:: Given data

lemma deg_ge_1_if_connected:
  assumes "connected_graph n G" "n \<ge> 2" "i < n"
  shows "1 \<le> deg n G i"
proof -
  define j where "j = (if i = 0 then 1 else (0::nat))"
  have "j < n" "j \<noteq> i" using assms by (auto simp: j_def)
  then have "(\<lambda>a b. a < n \<and> b < n \<and> G a b)\<^sup>*\<^sup>* i j"
    using assms(1,3) unfolding connected_graph_def by blast
  then obtain k where "k < n" "G i k" using \<open>j \<noteq> i\<close> by (cases rule: converse_rtranclpE) auto
  then have "nbrs n G i \<noteq> {}" by (auto simp: nbrs_def)
  then show ?thesis unfolding deg_def by (simp add: Suc_le_eq card_gt_0_iff)
qed

definition ramp :: "real \<Rightarrow> real \<Rightarrow> real \<Rightarrow> real \<Rightarrow> real" where
  "ramp \<epsilon> A s t = \<epsilon> * (1 + t) + A * max 0 (t - s)"

lemma ramp_ge_slope: "A \<ge> 0 \<Longrightarrow> \<epsilon> * (1 + t) \<le> ramp \<epsilon> A s t"
  by (simp add: ramp_def)

lemma ramp_ge_boost: "\<epsilon> > 0 \<Longrightarrow> A \<ge> 0 \<Longrightarrow> t \<ge> 0 \<Longrightarrow> A * (t - s) \<le> ramp \<epsilon> A s t"
  unfolding ramp_def by (smt (verit) mult_left_mono mult_nonneg_nonneg)

lemma ramp_pos: "\<epsilon> > 0 \<Longrightarrow> A \<ge> 0 \<Longrightarrow> t \<ge> 0 \<Longrightarrow> 0 < ramp \<epsilon> A s t"
  unfolding ramp_def by (smt (verit) mult_nonneg_nonneg mult_pos_pos)

lemma ramp_strict_mono: "\<epsilon> > 0 \<Longrightarrow> A \<ge> 0 \<Longrightarrow> strict_mono (ramp \<epsilon> A s)"
  unfolding ramp_def strict_mono_def
  by (smt (verit, best) max.mono mult_left_mono mult_strict_left_mono)

lemma continuous_on_ramp: "continuous_on S (ramp \<epsilon> A s)"
  unfolding ramp_def by (intro continuous_intros)

lemma filterlim_affine_at_top: "c > 0 \<Longrightarrow> filterlim (\<lambda>t::real. c * (1 + t)) at_top at_top"
  by (rule filterlim_tendsto_pos_mult_at_top[OF tendsto_const _
        filterlim_tendsto_add_at_top[OF tendsto_const filterlim_ident]])

lemma filterlim_ramp_at_top: "\<epsilon> > 0 \<Longrightarrow> A \<ge> 0 \<Longrightarrow> filterlim (ramp \<epsilon> A s) at_top at_top"
  by (rule filterlim_at_top_mono[OF filterlim_affine_at_top always_eventually])
     (auto simp: ramp_ge_slope)

lemma behavioural_params_ramp:
  assumes "\<epsilon> > 0" "A \<ge> 0" "\<And>i. i < n \<Longrightarrow> psi i > 0"
  shows "behavioural_params n psi (\<lambda>_. 1) (\<lambda>i. ramp \<epsilon> A (s i))"
  unfolding behavioural_params_def
  using assms ramp_pos filterlim_ramp_at_top monotone_on_subset[OF ramp_strict_mono]
  by auto

locale coordination_game =
  fixes n :: nat and G :: "nat \<Rightarrow> nat \<Rightarrow> bool" and x y z w :: real
  assumes two_agents: "n \<ge> 2" and connected: "connected_graph n G"
    and payoff_order: "z > w" "w > x" "x > y" and risk_dominance: "w + x > z + y"
begin

definition gain :: real where
  "gain = z - x + w - y"

text \<open>The drive an agent receives from a neighbour who plays \<open>D\<close> with probability \<open>1/2\<close>;
  it is positive because \<open>D\<close> is risk dominant.\<close>

definition mid_drive :: real where
  "mid_drive = (w + x - z - y) / 2"

lemma gain_pos: "gain > 0"
  using payoff_order by (simp add: gain_def)

lemma mid_drive_pos: "mid_drive > 0"
  using risk_dominance by (simp add: mid_drive_def)

lemma mid_drive_eq: "x - z + gain / 2 = mid_drive"
  by (simp add: gain_def mid_drive_def field_simps)

lemma deg_ge_1: "i < n \<Longrightarrow> 1 \<le> deg n G i"
  using two_agents connected by (intro deg_ge_1_if_connected)

definition social_drive :: "(nat \<Rightarrow> real \<Rightarrow> real) \<Rightarrow> real \<Rightarrow> (nat \<Rightarrow> real) \<Rightarrow> nat \<Rightarrow> real" where
  "social_drive lam t v i = (\<Sum>j\<in>nbrs n G i. x - z + gain * pD (lam j t) (v j))"

lemma field_eta_one:
  "field n G x y z w psi (\<lambda>_. 1) lam t v i = - psi i * v i + social_drive lam t v i"
proof -
  define p where "p j = pD (lam j t) (v j)" for j
  have "(\<Sum>j\<in>nbrs n G i. p j * w + (1 - p j) * x) - (\<Sum>j\<in>nbrs n G i. p j * y + (1 - p j) * z)
        = (\<Sum>j\<in>nbrs n G i. x - z + gain * p j)"
    unfolding sum_subtractf[symmetric] by (rule sum.cong) (simp_all add: gain_def algebra_simps)
  then show ?thesis unfolding field_def Let_def social_drive_def p_def[symmetric] by simp
qed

::::

Transcribe every record verbatim.

lemma deg_ge_1_if_connected:
  assumes "connected_graph n G" "n \<ge> 2" "i < n"
  shows "1 \<le> deg n G i"
proof -
  define j where "j = (if i = 0 then 1 else (0::nat))"
  have "j < n" "j \<noteq> i" using assms by (auto simp: j_def)
  then have "(\<lambda>a b. a < n \<and> b < n \<and> G a b)\<^sup>*\<^sup>* i j"
    using assms(1,3) unfolding connected_graph_def by blast
  then obtain k where "k < n" "G i k" using \<open>j \<noteq> i\<close> by (cases rule: converse_rtranclpE) auto
  then have "nbrs n G i \<noteq> {}" by (auto simp: nbrs_def)
  then show ?thesis unfolding deg_def by (simp add: Suc_le_eq card_gt_0_iff)
qed

definition ramp :: "real \<Rightarrow> real \<Rightarrow> real \<Rightarrow> real \<Rightarrow> real" where
  "ramp \<epsilon> A s t = \<epsilon> * (1 + t) + A * max 0 (t - s)"

lemma ramp_ge_slope: "A \<ge> 0 \<Longrightarrow> \<epsilon> * (1 + t) \<le> ramp \<epsilon> A s t"
  by (simp add: ramp_def)

lemma ramp_ge_boost: "\<epsilon> > 0 \<Longrightarrow> A \<ge> 0 \<Longrightarrow> t \<ge> 0 \<Longrightarrow> A * (t - s) \<le> ramp \<epsilon> A s t"
  unfolding ramp_def by (smt (verit) mult_left_mono mult_nonneg_nonneg)

lemma ramp_pos: "\<epsilon> > 0 \<Longrightarrow> A \<ge> 0 \<Longrightarrow> t \<ge> 0 \<Longrightarrow> 0 < ramp \<epsilon> A s t"
  unfolding ramp_def by (smt (verit) mult_nonneg_nonneg mult_pos_pos)

lemma ramp_strict_mono: "\<epsilon> > 0 \<Longrightarrow> A \<ge> 0 \<Longrightarrow> strict_mono (ramp \<epsilon> A s)"
  unfolding ramp_def strict_mono_def
  by (smt (verit, best) max.mono mult_left_mono mult_strict_left_mono)

lemma continuous_on_ramp: "continuous_on S (ramp \<epsilon> A s)"
  unfolding ramp_def by (intro continuous_intros)

lemma filterlim_affine_at_top: "c > 0 \<Longrightarrow> filterlim (\<lambda>t::real. c * (1 + t)) at_top at_top"
  by (rule filterlim_tendsto_pos_mult_at_top[OF tendsto_const _
        filterlim_tendsto_add_at_top[OF tendsto_const filterlim_ident]])

lemma filterlim_ramp_at_top: "\<epsilon> > 0 \<Longrightarrow> A \<ge> 0 \<Longrightarrow> filterlim (ramp \<epsilon> A s) at_top at_top"
  by (rule filterlim_at_top_mono[OF filterlim_affine_at_top always_eventually])
     (auto simp: ramp_ge_slope)

lemma behavioural_params_ramp:
  assumes "\<epsilon> > 0" "A \<ge> 0" "\<And>i. i < n \<Longrightarrow> psi i > 0"
  shows "behavioural_params n psi (\<lambda>_. 1) (\<lambda>i. ramp \<epsilon> A (s i))"
  unfolding behavioural_params_def
  using assms ramp_pos filterlim_ramp_at_top monotone_on_subset[OF ramp_strict_mono]
  by auto

locale coordination_game =
  fixes n :: nat and G :: "nat \<Rightarrow> nat \<Rightarrow> bool" and x y z w :: real
  assumes two_agents: "n \<ge> 2" and connected: "connected_graph n G"
    and payoff_order: "z > w" "w > x" "x > y" and risk_dominance: "w + x > z + y"
begin

definition gain :: real where
  "gain = z - x + w - y"

text \<open>The drive an agent receives from a neighbour who plays \<open>D\<close> with probability \<open>1/2\<close>;
  it is positive because \<open>D\<close> is risk dominant.\<close>

definition mid_drive :: real where
  "mid_drive = (w + x - z - y) / 2"

lemma gain_pos: "gain > 0"
  using payoff_order by (simp add: gain_def)

lemma mid_drive_pos: "mid_drive > 0"
  using risk_dominance by (simp add: mid_drive_def)

lemma mid_drive_eq: "x - z + gain / 2 = mid_drive"
  by (simp add: gain_def mid_drive_def field_simps)

lemma deg_ge_1: "i < n \<Longrightarrow> 1 \<le> deg n G i"
  using two_agents connected by (intro deg_ge_1_if_connected)

definition social_drive :: "(nat \<Rightarrow> real \<Rightarrow> real) \<Rightarrow> real \<Rightarrow> (nat \<Rightarrow> real) \<Rightarrow> nat \<Rightarrow> real" where
  "social_drive lam t v i = (\<Sum>j\<in>nbrs n G i. x - z + gain * pD (lam j t) (v j))"

lemma field_eta_one:
  "field n G x y z w psi (\<lambda>_. 1) lam t v i = - psi i * v i + social_drive lam t v i"
proof -
  define p where "p j = pD (lam j t) (v j)" for j
  have "(\<Sum>j\<in>nbrs n G i. p j * w + (1 - p j) * x) - (\<Sum>j\<in>nbrs n G i. p j * y + (1 - p j) * z)
        = (\<Sum>j\<in>nbrs n G i. x - z + gain * p j)"
    unfolding sum_subtractf[symmetric] by (rule sum.cong) (simp_all add: gain_def algebra_simps)
  then show ?thesis unfolding field_def Let_def social_drive_def p_def[symmetric] by simp
qed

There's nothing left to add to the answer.